Dr. Dave walked in. He asked a few questions, then fitted another device over my left eye. He turned a knob, a bright light blinded me. He moved to the right eye. “Cataracts, both eyes,” he said. “We’ll take care of you.”

The doc gave a primer on cataracts. They develop over time and if not removed can lead to loss of sight. The process takes 30 minutes, usually, under local anesthesia, but it’s major surgery, requiring cutting into the eye. I winced.

We got an appointment for “alignment” a week later at another Southern Eye site, this one in the medical ghetto near the downtown hospital. The waiting room was crowded with oldsters, everyone wearing glasses. I didn’t have to wait, a tech called me. She fitted my chin in a machine and did a few more tests. I got the appointment a month out for the right eye and for the left two weeks later.

A thick FedEx packet arrived, full of paperwork and two vials of eyedrops, one vial for each eye: start the drops three days before the surgery, four times each day. I struggled to remember the schedule then had trouble finding the eyeball. The medicine mostly dribbled down my cheek.

On surgery day we headed for yet another Southern office, this one near the big suburban hospital complex. Convenient in case things go wrong, I guessed.

At 9:30 AM several patients waited ahead of me. A nurse, Laura, took me to a cubicle. I lay on a cot, she took my blood pressure and readied her IV needle. She tried my wrist. “Well, that didn’t work,” she said. I gritted my teeth. She tried again, again, the needle passed through my vein. The third time was the charm. I exhaled hard.

An anesthesiologist stopped by to ask how I tolerated anesthesia. I’m okay, I assured her, lots of experience. Dr. Dave entered the cubicle. He asked how I felt. Then he asked, “Would you like to have a quick prayer?” he asked. “Sure,” I said. He placed his hands on the rail of the cot and whispered a short ecumenical prayer.

It was the day after Pope Francis died. I didn’t think Dr. Dave was thinking about the Holy Father, but who knows? This is the Bible Belt Southland. Public prayer is off-the-cuff, extemporaneous, not my style, yet still prayer. No doubt he prays for all his patients. I appreciated it.

An hour later I was first in line at Cataract Central.  Dr. Dave and a colleague were hard at work relieving folks of their cataracts. It’s highly precise surgery, and no two patients have exactly the same situation. But it is repetitive.

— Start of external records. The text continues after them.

lemma synced_trans_age_zero:
  "(x', xh', d') \<in> set_pmf (trans u p q ps s a) \<Longrightarrow> x' = xh' \<Longrightarrow> d' = 0"
  unfolding trans_def by (auto simp: set_bind_pmf Let_def split: prod.splits if_splits)

lemma length_hist_pmf: "(h, s) \<in> set_pmf (hist_pmf u p q ps \<pi> t) \<Longrightarrow> length h = t"
  by (induction t arbitrary: h s) (auto simp: set_bind_pmf)

lemma finite_set_hist_pmf: "finite (set_pmf (hist_pmf u p q ps \<pi> t))"
  by (induction t)
    (auto simp: set_bind_pmf intro!: finite_UN_I finite_set_pmf_bool finite_set_trans split: prod.splits)

definition markov_policy :: "(nat \<Rightarrow> st \<Rightarrow> bool) \<Rightarrow> policy" where
  "markov_policy g h s = (if g (length h) s then 1 else 0)"

lemma markov_policy_admissible: "markov_policy g \<in> admissible"
  by (auto simp: admissible_def markov_policy_def)

primrec state_pmf :: "(nat \<Rightarrow> nat) \<Rightarrow> real \<Rightarrow> real \<Rightarrow> real \<Rightarrow> (nat \<Rightarrow> st \<Rightarrow> bool) \<Rightarrow> nat \<Rightarrow> st pmf"
  where
  "state_pmf u p q ps g 0 = return_pmf s_init"
| "state_pmf u p q ps g (Suc t) = bind_pmf (state_pmf u p q ps g t) (\<lambda>s. trans u p q ps s (g t s))"

lemma finite_set_state_pmf: "finite (set_pmf (state_pmf u p q ps g t))"
  by (induction t) (auto simp: set_bind_pmf intro!: finite_UN_I finite_set_trans)

lemma synced_state_pmf_age_zero:
  "(x, xh, d) \<in> set_pmf (state_pmf u p q ps g t) \<Longrightarrow> x = xh \<Longrightarrow> d = 0"
  by (cases t) (auto simp: s_init_def set_bind_pmf dest: synced_trans_age_zero)

lemma map_snd_hist_pmf_markov_policy:
  "map_pmf snd (hist_pmf u p q ps (markov_policy g) t) = state_pmf u p q ps g t"
proof (induction t)
  case (Suc t)
  have "map_pmf snd (hist_pmf u p q ps (markov_policy g) (Suc t)) =
        bind_pmf (hist_pmf u p q ps (markov_policy g) t) (\<lambda>(h, s). trans u p q ps s (g t s))"
    unfolding hist_pmf.simps map_bind_pmf
  proof (intro bind_pmf_cong refl)
    fix z assume z: "z \<in> set_pmf (hist_pmf u p q ps (markov_policy g) t)"
    obtain h s where [simp]: "z = (h, s)" by (cases z)
    have "length h = t" using z length_hist_pmf by simp
    then show "map_pmf snd (case z of (h, s) \<Rightarrow> bernoulli_pmf (markov_policy g h s) \<bind>
                 (\<lambda>a. map_pmf (\<lambda>s'. (h @ [(s, a)], s')) (trans u p q ps s a))) =
               (case z of (h, s) \<Rightarrow> trans u p q ps s (g t s))"
      by (simp add: markov_policy_def bernoulli_pmf_indicator bind_return_pmf map_pmf_comp)
  qed
  also have "\<dots> = bind_pmf (map_pmf snd (hist_pmf u p q ps (markov_policy g) t))
                    (\<lambda>s. trans u p q ps s (g t s))"
    by (simp add: bind_map_pmf case_prod_unfold)
  finally show ?case using Suc by simp
qed simp

lemma exp_stage_markov_policy:
  "exp_stage u p q ps \<beta> lam (markov_policy g) t =
   measure_pmf.expectation (state_pmf u p q ps g t) (\<lambda>s. stage_cost u p q ps \<beta> lam s (g t s))"
proof -
  have "sa_pmf u p q ps (markov_policy g) t =
        bind_pmf (hist_pmf u p q ps (markov_policy g) t) (\<lambda>z. return_pmf (snd z, g t (snd z)))"
    unfolding sa_pmf_def
    by (intro bind_pmf_cong) (auto simp: markov_policy_def bernoulli_pmf_indicator dest: length_hist_pmf)
  also have "\<dots> = map_pmf (\<lambda>s. (s, g t s)) (state_pmf u p q ps g t)"
    by (simp add: map_pmf_comp map_pmf_def[symmetric] map_snd_hist_pmf_markov_policy[symmetric])
  finally show ?thesis by (simp add: exp_stage_def)
qed
(* Let $s,k$ be integers with $2\le s\le k$ and let $q$ be a prime power. If $q=2$, then \[b_q(k,s)\le \frac{s(k-s)+s+2}{\log_q\frac{q^s}{q^s-1}}+1.\] If $q\ge 3$, then \[b_q(k,s)\le (q^s-1)\cdot\frac{s(k-s)+s+2}{\log_q\left(\frac{q^4}{q^3-q+1}\right)}+1.\]
   Context: $\mathbb{F}_q^k$ is viewed as an affine space whose subspaces are the cosets (translates) of vector subspaces of $\mathbb{F}_q^k$; the codimension of an $i$-dimensional affine subspace is $k-i$. An (affine) $s$-blocking set in $\mathbb{F}_q^k$ is a set of points of $\mathbb{F}_q^k$ that contains at least one point of every affine subspace of dimension $k-s$. $b_q(k,s)$ denotes the smallest size of an $s$-blocking set in $\mathbb{F}_q^k$. *)

theory Defs
  imports Complex_Main "HOL-Library.Cardinality"
begin

text \<open>Points of F^k, represented as functions nat => F vanishing outside {0..<k}.\<close>
definition points :: "nat \<Rightarrow> (nat \<Rightarrow> 'a::field) set" where
  "points k = {x. \<forall>i\<ge>k. x i = 0}"

definition lin_indep :: "nat \<Rightarrow> (nat \<Rightarrow> nat \<Rightarrow> 'a::field) \<Rightarrow> bool" where
  "lin_indep d v \<longleftrightarrow>
     (\<forall>c. (\<forall>i. (\<Sum>j<d. c j * v j i) = 0) \<longrightarrow> (\<forall>j<d. c j = 0))"

definition affine_subspace_dim :: "nat \<Rightarrow> nat \<Rightarrow> (nat \<Rightarrow> 'a::field) set \<Rightarrow> bool" where
  "affine_subspace_dim k d A \<longleftrightarrow>
     (\<exists>a \<in> points k. \<exists>v. (\<forall>j<d. v j \<in> points k) \<and> lin_indep d v \<and>
        A = {(\<lambda>i. a i + (\<Sum>j<d. c j * v j i)) | c. True})"

definition blocking_set :: "nat \<Rightarrow> nat \<Rightarrow> (nat \<Rightarrow> 'a::field) set \<Rightarrow> bool" where
  "blocking_set k s B \<longleftrightarrow> B \<subseteq> points k \<and>
     (\<forall>A. affine_subspace_dim k (k - s) A \<longrightarrow> B \<inter> A \<noteq> {})"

 Around 2 PM Laura pushed my cot into a surgical space. Someone well practiced at this squirted a drop of medicine in my right eye, then a drop of local anesthesia. I saw Dr. Dave’s silhouette above me, then an intense white light. I felt nothing. It was over in twenty minutes.

Sandy drove home. I wore a plastic shield over the eye at night. At the post-op the next day Dr. Dave said the eye looked good. “Keep wearing the shield at night, keep taking the drops, no exercise, no bending, no lifting more than ten pounds,” he warned.

I sat around the house for a week. No pushing a lawnmower. It rained, the grass grew longer and thicker. Sandy carried the trash out to the curb. I kept up the eyedrops and taped the shield over the eye each night.

At the second post-op Dr. Dave explained what happened. “I made two incisions and inserted instruments into the eye and lifted the cataract from the lens.” He showed a video of the incision, the probes, the cataract torn away and pulled out. I gulped. But the eye felt okay.

“Thanks for helping me,” I said as I stood up. He grinned. “God gave me the skills to help people,” he answered. “See you in a couple of weeks for other one.”

So far my vision is no better. I’m still squinting. No miracles, even with Dr. Dave’s God-given skills. But while inserting his cutting tool in my eye he lifted my spirits. Maybe that was the point.

Anniversary

May 5, 2025

We sat in the bar of the Officer’s Club at Camp Courtney, a Marine Corps base on Okinawa, Japan, watching the news. It was early February 1973, a few weeks after the signing of the Paris Peace Accords that formally ended the U.S. role in the Vietnam war.

As part of the agreement the North Vietnamese began releasing American POWs, many of them imprisoned for years. As we sipped our beer we saw the Americans, some still dazed and disoriented, deplane at Clark Air Force Base in the Philippines. Over the next two months, during Operation Homecoming, nearly 600 POWs emerged from the hell of North Vietnam.

North and South Vietnam continued that savage little war. On April 30, 1975 the North Vietnamese People’s Army of Vietnam (PAVN) overwhelmed the South’s Army of the Republic of Vietnam. As PAVN troops entered Saigon, American aircraft evacuated Americans and Vietnamese. After the airport runway was pocked with bomb blasts, U.S. forces used helicopters to rescue a final few from the roof of the American embassy.

Last week, on April 30, we observed a bitter milestone, the 50th anniversary of the end. Fifty years. Ancient history.

The fall of Saigon followed the capture of Cambodia’s capital, Phnom Penh, by Khmer Rouge rebels on April 17. Then on May 12, Khmer Rouge troops seized the U.S. commercial ship Mayaguez off the Cambodian coast. Nearly 20 Americans, mostly Marines, were killed trying to rescue the ship’s crew.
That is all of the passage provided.